## What you are asked to do
Copy the records below exactly.

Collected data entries
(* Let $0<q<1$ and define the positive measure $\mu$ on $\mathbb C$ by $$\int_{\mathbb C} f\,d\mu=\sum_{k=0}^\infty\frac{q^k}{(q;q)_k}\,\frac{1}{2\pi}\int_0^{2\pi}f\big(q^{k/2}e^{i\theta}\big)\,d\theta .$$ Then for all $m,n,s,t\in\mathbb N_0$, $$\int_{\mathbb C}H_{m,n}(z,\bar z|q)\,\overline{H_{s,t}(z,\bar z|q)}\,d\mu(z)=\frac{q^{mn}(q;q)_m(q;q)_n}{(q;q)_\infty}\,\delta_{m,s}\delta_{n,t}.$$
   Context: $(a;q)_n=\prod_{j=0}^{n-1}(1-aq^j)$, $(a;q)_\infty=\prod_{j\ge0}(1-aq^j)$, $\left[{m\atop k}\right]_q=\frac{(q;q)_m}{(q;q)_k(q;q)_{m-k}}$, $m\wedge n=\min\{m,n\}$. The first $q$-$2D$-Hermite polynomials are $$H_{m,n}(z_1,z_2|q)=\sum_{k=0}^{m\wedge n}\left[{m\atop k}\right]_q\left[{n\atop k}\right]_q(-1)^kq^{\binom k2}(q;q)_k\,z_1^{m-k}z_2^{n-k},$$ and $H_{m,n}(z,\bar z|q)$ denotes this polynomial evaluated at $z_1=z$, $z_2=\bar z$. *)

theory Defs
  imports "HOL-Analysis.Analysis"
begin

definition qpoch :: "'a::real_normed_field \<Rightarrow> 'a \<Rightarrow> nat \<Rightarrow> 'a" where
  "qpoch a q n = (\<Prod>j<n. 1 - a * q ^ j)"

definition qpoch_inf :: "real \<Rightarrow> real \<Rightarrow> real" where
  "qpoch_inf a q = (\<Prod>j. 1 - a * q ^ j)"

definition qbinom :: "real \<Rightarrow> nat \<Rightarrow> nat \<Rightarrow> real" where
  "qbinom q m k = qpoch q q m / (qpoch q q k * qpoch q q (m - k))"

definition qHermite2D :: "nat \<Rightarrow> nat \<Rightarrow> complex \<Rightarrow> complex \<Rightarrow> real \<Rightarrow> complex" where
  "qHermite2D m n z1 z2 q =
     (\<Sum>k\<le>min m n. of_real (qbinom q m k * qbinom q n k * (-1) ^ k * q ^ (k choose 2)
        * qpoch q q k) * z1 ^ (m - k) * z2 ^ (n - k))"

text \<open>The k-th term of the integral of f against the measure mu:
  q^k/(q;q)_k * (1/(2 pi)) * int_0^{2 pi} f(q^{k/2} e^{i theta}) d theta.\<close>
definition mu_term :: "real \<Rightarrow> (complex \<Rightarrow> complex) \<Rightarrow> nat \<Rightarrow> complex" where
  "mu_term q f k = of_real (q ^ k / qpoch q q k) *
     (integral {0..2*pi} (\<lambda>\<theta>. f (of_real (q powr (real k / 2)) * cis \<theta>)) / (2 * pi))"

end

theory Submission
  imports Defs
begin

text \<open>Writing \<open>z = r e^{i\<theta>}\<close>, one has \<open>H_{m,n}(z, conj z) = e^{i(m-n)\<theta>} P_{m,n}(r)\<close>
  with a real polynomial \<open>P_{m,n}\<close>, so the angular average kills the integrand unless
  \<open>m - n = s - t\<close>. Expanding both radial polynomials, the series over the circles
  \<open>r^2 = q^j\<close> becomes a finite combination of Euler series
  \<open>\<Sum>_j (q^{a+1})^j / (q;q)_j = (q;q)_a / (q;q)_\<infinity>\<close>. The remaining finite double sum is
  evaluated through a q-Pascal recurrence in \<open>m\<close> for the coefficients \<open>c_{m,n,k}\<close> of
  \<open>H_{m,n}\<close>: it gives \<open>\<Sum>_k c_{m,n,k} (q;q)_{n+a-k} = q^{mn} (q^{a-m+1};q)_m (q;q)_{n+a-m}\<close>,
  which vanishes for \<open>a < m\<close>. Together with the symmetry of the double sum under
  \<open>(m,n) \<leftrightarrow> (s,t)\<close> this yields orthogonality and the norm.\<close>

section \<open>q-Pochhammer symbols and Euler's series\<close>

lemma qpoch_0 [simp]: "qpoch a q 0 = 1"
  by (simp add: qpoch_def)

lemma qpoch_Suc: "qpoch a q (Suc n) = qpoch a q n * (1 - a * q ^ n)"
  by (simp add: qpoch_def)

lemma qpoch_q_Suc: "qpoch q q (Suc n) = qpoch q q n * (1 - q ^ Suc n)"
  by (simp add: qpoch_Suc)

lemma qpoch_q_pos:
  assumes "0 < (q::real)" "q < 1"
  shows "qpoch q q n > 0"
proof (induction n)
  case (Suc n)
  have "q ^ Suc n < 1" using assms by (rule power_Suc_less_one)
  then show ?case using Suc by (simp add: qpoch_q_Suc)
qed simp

## Expected answer
(* Let $0<q<1$ and define the positive measure $\mu$ on $\mathbb C$ by $$\int_{\mathbb C} f\,d\mu=\sum_{k=0}^\infty\frac{q^k}{(q;q)_k}\,\frac{1}{2\pi}\int_0^{2\pi}f\big(q^{k/2}e^{i\theta}\big)\,d\theta .$$ Then for all $m,n,s,t\in\mathbb N_0$, $$\int_{\mathbb C}H_{m,n}(z,\bar z|q)\,\overline{H_{s,t}(z,\bar z|q)}\,d\mu(z)=\frac{q^{mn}(q;q)_m(q;q)_n}{(q;q)_\infty}\,\delta_{m,s}\delta_{n,t}.$$
   Context: $(a;q)_n=\prod_{j=0}^{n-1}(1-aq^j)$, $(a;q)_\infty=\prod_{j\ge0}(1-aq^j)$, $\left[{m\atop k}\right]_q=\frac{(q;q)_m}{(q;q)_k(q;q)_{m-k}}$, $m\wedge n=\min\{m,n\}$. The first $q$-$2D$-Hermite polynomials are $$H_{m,n}(z_1,z_2|q)=\sum_{k=0}^{m\wedge n}\left[{m\atop k}\right]_q\left[{n\atop k}\right]_q(-1)^kq^{\binom k2}(q;q)_k\,z_1^{m-k}z_2^{n-k},$$ and $H_{m,n}(z,\bar z|q)$ denotes this polynomial evaluated at $z_1=z$, $z_2=\bar z$. *)

theory Defs
  imports "HOL-Analysis.Analysis"
begin

definition qpoch :: "'a::real_normed_field \<Rightarrow> 'a \<Rightarrow> nat \<Rightarrow> 'a" where
  "qpoch a q n = (\<Prod>j<n. 1 - a * q ^ j)"

definition qpoch_inf :: "real \<Rightarrow> real \<Rightarrow> real" where
  "qpoch_inf a q = (\<Prod>j. 1 - a * q ^ j)"

definition qbinom :: "real \<Rightarrow> nat \<Rightarrow> nat \<Rightarrow> real" where
  "qbinom q m k = qpoch q q m / (qpoch q q k * qpoch q q (m - k))"

definition qHermite2D :: "nat \<Rightarrow> nat \<Rightarrow> complex \<Rightarrow> complex \<Rightarrow> real \<Rightarrow> complex" where
  "qHermite2D m n z1 z2 q =
     (\<Sum>k\<le>min m n. of_real (qbinom q m k * qbinom q n k * (-1) ^ k * q ^ (k choose 2)
        * qpoch q q k) * z1 ^ (m - k) * z2 ^ (n - k))"

text \<open>The k-th term of the integral of f against the measure mu:
  q^k/(q;q)_k * (1/(2 pi)) * int_0^{2 pi} f(q^{k/2} e^{i theta}) d theta.\<close>
definition mu_term :: "real \<Rightarrow> (complex \<Rightarrow> complex) \<Rightarrow> nat \<Rightarrow> complex" where
  "mu_term q f k = of_real (q ^ k / qpoch q q k) *
     (integral {0..2*pi} (\<lambda>\<theta>. f (of_real (q powr (real k / 2)) * cis \<theta>)) / (2 * pi))"

end

theory Submission
  imports Defs
begin

text \<open>Writing \<open>z = r e^{i\<theta>}\<close>, one has \<open>H_{m,n}(z, conj z) = e^{i(m-n)\<theta>} P_{m,n}(r)\<close>
  with a real polynomial \<open>P_{m,n}\<close>, so the angular average kills the integrand unless
  \<open>m - n = s - t\<close>. Expanding both radial polynomials, the series over the circles
  \<open>r^2 = q^j\<close> becomes a finite combination of Euler series
  \<open>\<Sum>_j (q^{a+1})^j / (q;q)_j = (q;q)_a / (q;q)_\<infinity>\<close>. The remaining finite double sum is
  evaluated through a q-Pascal recurrence in \<open>m\<close> for the coefficients \<open>c_{m,n,k}\<close> of
  \<open>H_{m,n}\<close>: it gives \<open>\<Sum>_k c_{m,n,k} (q;q)_{n+a-k} = q^{mn} (q^{a-m+1};q)_m (q;q)_{n+a-m}\<close>,
  which vanishes for \<open>a < m\<close>. Together with the symmetry of the double sum under
  \<open>(m,n) \<leftrightarrow> (s,t)\<close> this yields orthogonality and the norm.\<close>

section \<open>q-Pochhammer symbols and Euler's series\<close>

lemma qpoch_0 [simp]: "qpoch a q 0 = 1"
  by (simp add: qpoch_def)

lemma qpoch_Suc: "qpoch a q (Suc n) = qpoch a q n * (1 - a * q ^ n)"
  by (simp add: qpoch_def)

lemma qpoch_q_Suc: "qpoch q q (Suc n) = qpoch q q n * (1 - q ^ Suc n)"
  by (simp add: qpoch_Suc)

lemma qpoch_q_pos:
  assumes "0 < (q::real)" "q < 1"
  shows "qpoch q q n > 0"
proof (induction n)
  case (Suc n)
  have "q ^ Suc n < 1" using assms by (rule power_Suc_less_one)
  then show ?case using Suc by (simp add: qpoch_q_Suc)
qed simp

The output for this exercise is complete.